They say never judge a book by it's cover, well then maybe don't read this.
There are two constants in the life of Henry Chinaski; every woman he beds was "good" and every job he has ever had and will have asks far to much of him for far to little pay. Factotum is not different, Chinaski like most books gets himself hooked to a crazed woman who likes to show him some leg while at the same time moving from job to job (mores so in this book than any other) where his bosses don't understand him and ask far too much of him.
I get the job thing, he is lazy by nature, hates being told what to do and above all would rather be sitting in his bed with his back to the wall drinking a beer. I get that.
What I don't get is how a man that looks like this, who considers himself not to be a ladies man can be found giving it to a new woman every other chapter (What is equally as confusing is the year long dry spells he speaks of). Now of course this is fictional and not autobiographical (though Henry Chinaski sounds awfully close to Charles Bukowski) and he probably embellishes most of what he writes but there must be some form of truth to it.
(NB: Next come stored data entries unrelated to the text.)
(* Let $(M_1,\alpha_1)$, $(M_2,\alpha_2)$ be Riemannian manifolds of dimensions $n_1,n_2$, $M=M_1\times M_2$, and let $f:[0,\infty)^2\to[0,\infty)$ be smooth (on the complement of the origin) with $f(\lambda s,\lambda t)=\lambda f(s,t)$ for $\lambda>0$ and $f(s,t)\neq0$ for $(s,t)\neq(0,0)$. Define $F(x,y)=\sqrt{f(\alpha_1(x_1,y_1)^2,\alpha_2(x_2,y_2)^2)}$ for $x=(x_1,x_2)$, $y=y_1\oplus y_2\in T_{x_1}M_1\oplus T_{x_2}M_2$. Then the matrix $g_{ij}=\frac12[F^2]_{y^iy^j}$ is positive definite for all $y\neq0$ if and only if, evaluated at $(s,t)=(\alpha_1^2,\alpha_2^2)$, $$f_s>0,\quad f_t>0,\quad f_s+2sf_{ss}>0,\quad f_t+2tf_{tt}>0,\quad f_sf_t-2ff_{st}>0,$$ and in that case $\det(g_{ij})=h(\alpha_1^2,\alpha_2^2)\det(\bar g_{ab})\det(\bar g_{\alpha\beta})$ with $h=(f_s)^{n_1-1}(f_t)^{n_2-1}(f_sf_t-2ff_{st})$, where $\alpha_1^2=\bar g_{ab}y^ay^b$, $\alpha_2^2=\bar g_{\alpha\beta}y^\alpha y^\beta$ in product coordinates.
   Context: Coordinates $(x^a)$ on $M_1$ and $(x^\alpha)$ on $M_2$ give coordinates $(x^a,x^\alpha)$ on $M$ and $(y^a,y^\alpha)$ on tangent spaces; $\bar g_{ab}$, $\bar g_{\alpha\beta}$ are the components of the Riemannian metrics $\alpha_1,\alpha_2$. *)

theory Defs
  imports "HOL-Analysis.Analysis"
begin

definition pd_s :: "(real \<Rightarrow> real \<Rightarrow> real) \<Rightarrow> real \<Rightarrow> real \<Rightarrow> real" where
  "pd_s f s t = deriv (\<lambda>u. f u t) s"

definition pd_t :: "(real \<Rightarrow> real \<Rightarrow> real) \<Rightarrow> real \<Rightarrow> real \<Rightarrow> real" where
  "pd_t f s t = deriv (\<lambda>u. f s u) t"

fun Ck_on2 :: "nat \<Rightarrow> (real \<times> real) set \<Rightarrow> (real \<Rightarrow> real \<Rightarrow> real) \<Rightarrow> bool" where
  "Ck_on2 0 U f = continuous_on U (\<lambda>p. f (fst p) (snd p))"
| "Ck_on2 (Suc k) U f =
     (continuous_on U (\<lambda>p. f (fst p) (snd p)) \<and>
      (\<forall>p\<in>U. (\<lambda>u. f u (snd p)) differentiable (at (fst p)) \<and>
              (\<lambda>u. f (fst p) u) differentiable (at (snd p))) \<and>
      Ck_on2 k U (pd_s f) \<and> Ck_on2 k U (pd_t f))"

definition smooth_on2 :: "(real \<times> real) set \<Rightarrow> (real \<Rightarrow> real \<Rightarrow> real) \<Rightarrow> bool" where
  "smooth_on2 U f \<longleftrightarrow> (\<forall>k. Ck_on2 k U f)"

definition punctured_quadrant :: "(real \<times> real) set" where
  "punctured_quadrant = {p. 0 \<le> fst p \<and> 0 \<le> snd p \<and> p \<noteq> (0, 0)}"

definition pos_def :: "real^'n^'n \<Rightarrow> bool" where
  "pos_def M \<longleftrightarrow> (\<forall>v. v \<noteq> 0 \<longrightarrow> v \<bullet> (M *v v) > 0)"

definition comp1 :: "real^('n1::finite + 'n2::finite) \<Rightarrow> real^'n1" where
  "comp1 y = (\<chi> a. y $ Inl a)"

definition comp2 :: "real^('n1::finite + 'n2::finite) \<Rightarrow> real^'n2" where
  "comp2 y = (\<chi> b. y $ Inr b)"

definition alpha1_sq :: "real^'n1^'n1 \<Rightarrow> real^('n1::finite + 'n2::finite) \<Rightarrow> real" where
  "alpha1_sq A y = comp1 y \<bullet> (A *v comp1 y)"

definition alpha2_sq :: "real^'n2^'n2 \<Rightarrow> real^('n1::finite + 'n2::finite) \<Rightarrow> real" where
  "alpha2_sq B y = comp2 y \<bullet> (B *v comp2 y)"

definition Fprod :: "real^'n1^'n1 \<Rightarrow> real^'n2^'n2 \<Rightarrow> (real \<Rightarrow> real \<Rightarrow> real)
    \<Rightarrow> real^('n1::finite + 'n2::finite) \<Rightarrow> real" where
  "Fprod A B f y = sqrt (f (alpha1_sq A y) (alpha2_sq B y))"

definition pdy :: "'i \<Rightarrow> (real^'i::finite \<Rightarrow> real) \<Rightarrow> real^'i \<Rightarrow> real" where
  "pdy i \<phi> y = deriv (\<lambda>r. \<phi> (y + r *\<^sub>R axis i 1)) 0"

definition gmat :: "real^'n1^'n1 \<Rightarrow> real^'n2^'n2 \<Rightarrow> (real \<Rightarrow> real \<Rightarrow> real)
    \<Rightarrow> real^('n1::finite + 'n2::finite) \<Rightarrow> real^('n1::finite + 'n2::finite)^('n1::finite + 'n2::finite)" where
  "gmat A B f y = (\<chi> i j. (1/2) * pdy i (pdy j (\<lambda>z. (Fprod A B f z)^2)) y)"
Regardless of an overall meaning I enjoy reading Bukowski if not for the sex crazed boozed up smart ass Chinaski but for the quick to the point writing and the finality of each book. The use of his novels to portray periods of living be it his life from birth to leaving his family, or his work at the post office, or even his preoccupation with only women, each book he writes is about one period in his life and the main issue that his life revolves around at that time (what an English teacher would call a theme).
That being said I am going to leave Hollywood and South of No North for later. I find it hard to believe that anything is going to top Ham on Rye, Post Office or the other two I read, so I plan on reading Bukowski when I'm not likely to feel let down and in reality all I want is my sex crazed boozed up smart ass fix.